__EXERCISE DIRECTIONS__: Can you quote exactly the stretch of lines from the one with "using that inside[OF that] outside[OF" through the final line of the material, both ends included?

....

lemma kuhn_grid_limit:
  fixes L :: "(nat \<Rightarrow> real) \<Rightarrow> nat \<Rightarrow> bool" and B :: "nat set"
  assumes "finite B"
    and zero_face: "\<And>x i. i \<in> B \<Longrightarrow> x i = 0 \<Longrightarrow> \<not> L x i"
    and one_face: "\<And>x i. i \<in> B \<Longrightarrow> x i = 1 \<Longrightarrow> L x i"
  obtains l X Y where "\<And>j. j \<in> B \<Longrightarrow> l j \<in> {0..1}"
    and "\<And>i k j. i \<in> B \<Longrightarrow> j \<in> B \<Longrightarrow> X i k j \<in> {0..1} \<and> Y i k j \<in> {0..1}"
    and "\<And>i j. i \<in> B \<Longrightarrow> j \<in> B \<Longrightarrow> (\<lambda>k. X i k j) \<longlonglongrightarrow> l j \<and> (\<lambda>k. Y i k j) \<longlonglongrightarrow> l j"
    and "\<And>i k. i \<in> B \<Longrightarrow> L (X i k) i \<and> \<not> L (Y i k) i"
proof -
  obtain n where B: "B \<subseteq> {..<n}"
    using finite_nat_bounded[OF assms(1)] by blast
  define pt :: "nat \<Rightarrow> (nat \<Rightarrow> nat) \<Rightarrow> nat \<Rightarrow> real"
    where "pt p x j = real (x j) / real p" for p x j
  define lab where "lab p x i \<longleftrightarrow> (if i \<in> B then L (pt p x) i else x i = p)" for p x i
  have "\<not> lab p x i" if "0 < p" "x i = 0" for p x i
    using zero_face that by (simp add: lab_def pt_def)
  moreover have "lab p x i" if "0 < p" "x i = p" for p x i
    using one_face that by (simp add: lab_def pt_def)
  ultimately obtain Q X Y where Q: "\<And>k i. i < n \<Longrightarrow> Q k i \<le> k"
    and X: "\<And>k i. i < n \<Longrightarrow> (\<forall>j<n. Q k j \<le> X k i j \<and> X k i j \<le> Q k j + 1) \<and> lab (Suc k) (X k i) i"
    and Y: "\<And>k i. i < n \<Longrightarrow> (\<forall>j<n. Q k j \<le> Y k i j \<and> Y k i j \<le> Q k j + 1) \<and> \<not> lab (Suc k) (Y k i) i"
    by (rule kuhn_cell_sequence[of lab n]) blast+
  have cell_cube: "pt (Suc k) x j \<in> {0..1}" if "x j \<le> Q k j + 1" "j \<in> B" for k x j
  proof -
    have "x j \<le> Suc k"
      using that Q[of j k] B by fastforce
    then show ?thesis by (simp add: pt_def)
  qed
  have "pt (Suc k) (Q k) j \<in> {0..1}" if "j \<in> B" for k j
    using cell_cube[OF _ that] by simp
  then obtain r l where r: "strict_mono r" and l_cube: "\<And>j. j \<in> B \<Longrightarrow> l j \<in> {0..1}"
    and l_lim: "\<And>j. j \<in> B \<Longrightarrow> (\<lambda>k. pt (Suc (r k)) (Q (r k)) j) \<longlonglongrightarrow> l j"
    using finite_coordinates_convergent_subseq[OF assms(1) compact_Icc,
        where x = "\<lambda>k. pt (Suc k) (Q k)"] by blast
  have cell_lim: "(\<lambda>k. pt (Suc (r k)) (Z k) j) \<longlonglongrightarrow> l j"
    if "\<And>k. Q (r k) j \<le> Z k j \<and> Z k j \<le> Q (r k) j + 1" "j \<in> B" for Z j
    unfolding pt_def
  proof (rule grid_neighbour_tendsto)
    show "filterlim (\<lambda>k. Suc (r k)) at_top sequentially"
      using filterlim_compose[OF filterlim_Suc filterlim_subseq[OF r]] by simp
    show "(\<lambda>k. real (Q (r k) j) / real (Suc (r k))) \<longlonglongrightarrow> l j"
      using l_lim[OF that(2)] by (simp add: pt_def)
    show "Q (r k) j \<le> Z k j" "Z k j \<le> Q (r k) j + 1" for k
      using that(1)[of k] by simp_all
  qed
  show thesis
  proof (rule that[of l "\<lambda>i k. pt (Suc (r k)) (X (r k) i)" "\<lambda>i k. pt (Suc (r k)) (Y (r k) i)"])
    fix i assume "i \<in> B"
    then have "i < n" using B by auto
    note X = X[OF this] and Y = Y[OF this]
    show "pt (Suc (r k)) (X (r k) i) j \<in> {0..1} \<and> pt (Suc (r k)) (Y (r k) i) j \<in> {0..1}"
      if "j \<in> B" for k j
      using cell_cube[OF _ that] X[of "r k"] Y[of "r k"] that B by blast
    show "(\<lambda>k. pt (Suc (r k)) (X (r k) i) j) \<longlonglongrightarrow> l j \<and> (\<lambda>k. pt (Suc (r k)) (Y (r k) i) j) \<longlonglongrightarrow> l j"
      if "j \<in> B" for j
      using X Y that B by (intro conjI cell_lim) blast+
    show "L (pt (Suc (r k)) (X (r k) i)) i \<and> \<not> L (pt (Suc (r k)) (Y (r k) i)) i" for k
      using X[of "r k"] Y[of "r k"] \<open>i \<in> B\<close> by (simp add: lab_def)
  qed (rule l_cube)
qed

lemma unit_cube_complementarity_point:
  fixes \<Phi> :: "nat \<Rightarrow> (nat \<Rightarrow> real) \<Rightarrow> real" and B :: "nat set"
  assumes "finite B"
    and cont: "\<And>i y s. i \<in> B \<Longrightarrow> (\<And>j. j \<in> B \<Longrightarrow> (\<lambda>k. y k j) \<longlonglongrightarrow> s j) \<Longrightarrow>
                 (\<lambda>k. \<Phi> i (y k)) \<longlonglongrightarrow> \<Phi> i s"
    and face: "\<And>i s. i \<in> B \<Longrightarrow> (\<And>j. j \<in> B \<Longrightarrow> s j \<in> {0..1}) \<Longrightarrow> s i = 1 \<Longrightarrow> 0 \<le> \<Phi> i s"
  obtains s where "\<And>j. j \<in> B \<Longrightarrow> s j \<in> {0..1}"
    and "\<And>i. i \<in> B \<Longrightarrow> 0 \<le> \<Phi> i s" and "\<And>i. i \<in> B \<Longrightarrow> \<Phi> i s = 0 \<or> s i = 0"
proof -
  obtain l X Y where l_cube: "\<And>j. j \<in> B \<Longrightarrow> l j \<in> {0..1}"
    and XY_cube: "\<And>i k j. i \<in> B \<Longrightarrow> j \<in> B \<Longrightarrow> X i k j \<in> {0..1} \<and> Y i k j \<in> {0..1}"
    and XY_lim: "\<And>i j. i \<in> B \<Longrightarrow> j \<in> B \<Longrightarrow> (\<lambda>k. X i k j) \<longlonglongrightarrow> l j \<and> (\<lambda>k. Y i k j) \<longlonglongrightarrow> l j"
    and XY_label: "\<And>i k. i \<in> B \<Longrightarrow> (X i k i = 1 \<or> (X i k i \<noteq> 0 \<and> 0 \<le> \<Phi> i (X i k))) \<and>
        \<not> (Y i k i = 1 \<or> (Y i k i \<noteq> 0 \<and> 0 \<le> \<Phi> i (Y i k)))"
    by (rule kuhn_grid_limit[OF assms(1), where L = "\<lambda>x i. x i = 1 \<or> (x i \<noteq> 0 \<and> 0 \<le> \<Phi> i x)"]) auto
  have limit: "0 \<le> \<Phi> i l \<and> (\<Phi> i l = 0 \<or> l i \<le> 0)" if i: "i \<in> B" for i
  proof -
    have lim_X: "(\<lambda>k. \<Phi> i (X i k)) \<longlonglongrightarrow> \<Phi> i l" and lim_Y: "(\<lambda>k. \<Phi> i (Y i k)) \<longlonglongrightarrow> \<Phi> i l"
      using XY_lim[OF i] by (auto intro: cont[OF i])
    have "0 \<le> \<Phi> i (X i k)" for k
      using XY_label[OF i, of k] face[OF i, of "X i k"] XY_cube[OF i] by auto
    moreover have "Y i k i \<le> 0 \<or> \<Phi> i (Y i k) < 0" for k
      using XY_label[OF i, of k] by auto
    ultimately show ?thesis
      using tendsto_sign_complementarity[OF lim_X lim_Y conjunct2[OF XY_lim[OF i i]]] by blast
  qed
  show thesis
  proof (rule that)
    show "l j \<in> {0..1}" if "j \<in> B" for j
      using l_cube that .
    show "0 \<le> \<Phi> i l" "\<Phi> i l = 0 \<or> l i = 0" if "i \<in> B" for i
      using limit[OF that] l_cube[OF that] by auto
  qed
qed

definition cube_weight :: "nat set \<Rightarrow> (nat \<Rightarrow> real) \<Rightarrow> nat set \<Rightarrow> real" where
  "cube_weight B s C = (\<Prod>j\<in>C. s j) * (\<Prod>j\<in>B - C. 1 - s j)"

lemma cube_weight_nonneg:
  "(\<And>j. j \<in> B \<Longrightarrow> s j \<in> {0..1}) \<Longrightarrow> C \<subseteq> B \<Longrightarrow> 0 \<le> cube_weight B s C"
  by (auto simp: cube_weight_def intro!: mult_nonneg_nonneg prod_nonneg)

lemma sum_cube_weight: "finite B \<Longrightarrow> (\<Sum>C\<in>Pow B. cube_weight B s C) = 1"
  using prod_add[of B s "\<lambda>j. 1 - s j"] by (simp add: cube_weight_def)

lemma cube_weight_eq_0_inside: "finite C \<Longrightarrow> i \<in> C \<Longrightarrow> s i = 0 \<Longrightarrow> cube_weight B s C = 0"
  by (auto simp: cube_weight_def prod_zero_iff)

lemma cube_weight_eq_0_outside: "finite B \<Longrightarrow> i \<in> B - C \<Longrightarrow> s i = 1 \<Longrightarrow> cube_weight B s C = 0"
  by (auto simp: cube_weight_def prod_zero_iff)

lemma tendsto_cube_weight:
  "(\<And>j. j \<in> B \<Longrightarrow> (\<lambda>k. y k j) \<longlonglongrightarrow> s j) \<Longrightarrow> C \<subseteq> B \<Longrightarrow>
     (\<lambda>k. cube_weight B (y k) C) \<longlonglongrightarrow> cube_weight B s C"
  unfolding cube_weight_def by (intro tendsto_intros) auto

lemma convex_complementary_point_of_pieces:
  fixes p :: "nat set \<Rightarrow> 'a::real_inner" and \<psi> \<phi> :: "nat \<Rightarrow> 'a"
  assumes "finite B" "convex K"
    and in_K: "\<And>C. C \<subseteq> B \<Longrightarrow> p C \<in> K"
    and inside: "\<And>C i. C \<subseteq> B \<Longrightarrow> i \<in> C \<Longrightarrow> 0 \<le> \<psi> i \<bullet> p C \<and> 0 \<le> \<phi> i \<bullet> p C"
    and outside: "\<And>C i. C \<subseteq> B \<Longrightarrow> i \<in> B - C \<Longrightarrow> \<psi> i \<bullet> p C = 0"
  obtains x where "x \<in> K"
    and "\<And>i. i \<in> B \<Longrightarrow> 0 \<le> \<psi> i \<bullet> x \<and> 0 \<le> \<phi> i \<bullet> x \<and> (\<psi> i \<bullet> x) * (\<phi> i \<bullet> x) = 0"
proof -
  define x where "x s = (\<Sum>C\<in>Pow B. cube_weight B s C *\<^sub>R p C)" for s
  have inner_x: "a \<bullet> x s = (\<Sum>C\<in>Pow B. cube_weight B s C * (a \<bullet> p C))" for a s
    by (simp add: x_def inner_sum_right)
  obtain s where s_cube: "\<And>j. j \<in> B \<Longrightarrow> s j \<in> {0..1}"
    and \<phi>_nonneg: "\<And>i. i \<in> B \<Longrightarrow> 0 \<le> \<phi> i \<bullet> x s"
    and \<phi>_compl: "\<And>i. i \<in> B \<Longrightarrow> \<phi> i \<bullet> x s = 0 \<or> s i = 0"
  proof (rule unit_cube_complementarity_point[OF assms(1), of "\<lambda>i s. \<phi> i \<bullet> x s"])
    fix i and y :: "nat \<Rightarrow> nat \<Rightarrow> real" and s
    assume "\<And>j. j \<in> B \<Longrightarrow> (\<lambda>k. y k j) \<longlonglongrightarrow> s j"
    then show "(\<lambda>k. \<phi> i \<bullet> x (y k)) \<longlonglongrightarrow> \<phi> i \<bullet> x s"
      unfolding inner_x by (intro tendsto_intros tendsto_cube_weight) auto
  next
    fix i and s :: "nat \<Rightarrow> real"
    assume i: "i \<in> B" and cube: "\<And>j. j \<in> B \<Longrightarrow> s j \<in> {0..1}" and "s i = 1"
    then have "0 \<le> cube_weight B s C * (\<phi> i \<bullet> p C)" if "C \<subseteq> B" for C
      using that inside[OF that] cube_weight_nonneg[OF cube that] cube_weight_eq_0_outside[OF assms(1)]
      by (cases "i \<in> C") auto
    then show "0 \<le> \<phi> i \<bullet> x s"
      unfolding inner_x by (intro sum_nonneg) auto
  qed (rule that)
  show thesis
  proof (rule that)
    show "x s \<in> K"
      unfolding x_def using assms(1,2) sum_cube_weight cube_weight_nonneg[OF s_cube] in_K
      by (intro convex_sum) auto
  next
    fix i assume i: "i \<in> B"
    have "0 \<le> cube_weight B s C * (\<psi> i \<bullet> p C)" if "C \<subseteq> B" for C
      using that inside[OF that] outside[OF that] cube_weight_nonneg[OF s_cube that] i
      by (cases "i \<in> C") auto
    then have "0 \<le> \<psi> i \<bullet> x s"
      unfolding inner_x by (intro sum_nonneg) auto
    moreover have "\<psi> i \<bullet> x s = 0" if "s i = 0"
      unfolding inner_x
    proof (intro sum.neutral ballI)
      fix C assume "C \<in> Pow B"
      then show "cube_weight B s C * (\<psi> i \<bullet> p C) = 0"
        using cube_weight_eq_0_inside[of C i s B] outside[of C i] finite_subset[OF _ assms(1)] i that
        by (cases "i \<in> C") auto
    qed
    ultimately show "0 \<le> \<psi> i \<bullet> x s \<and> 0 \<le> \<phi> i \<bullet> x s \<and> (\<psi> i \<bullet> x s) * (\<phi> i \<bullet> x s) = 0"
      using \<phi>_nonneg[OF i] \<phi>_compl[OF i] by auto
  qed
qed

....

__SOLVED EXERCISE__:
      using that inside[OF that] outside[OF that] cube_weight_nonneg[OF s_cube that] i
      by (cases "i \<in> C") auto
    then have "0 \<le> \<psi> i \<bullet> x s"
      unfolding inner_x by (intro sum_nonneg) auto
    moreover have "\<psi> i \<bullet> x s = 0" if "s i = 0"
      unfolding inner_x
    proof (intro sum.neutral ballI)
      fix C assume "C \<in> Pow B"
      then show "cube_weight B s C * (\<psi> i \<bullet> p C) = 0"
        using cube_weight_eq_0_inside[of C i s B] outside[of C i] finite_subset[OF _ assms(1)] i that
        by (cases "i \<in> C") auto
    qed
    ultimately show "0 \<le> \<psi> i \<bullet> x s \<and> 0 \<le> \<phi> i \<bullet> x s \<and> (\<psi> i \<bullet> x s) * (\<phi> i \<bullet> x s) = 0"
      using \<phi>_nonneg[OF i] \<phi>_compl[OF i] by auto
  qed
qed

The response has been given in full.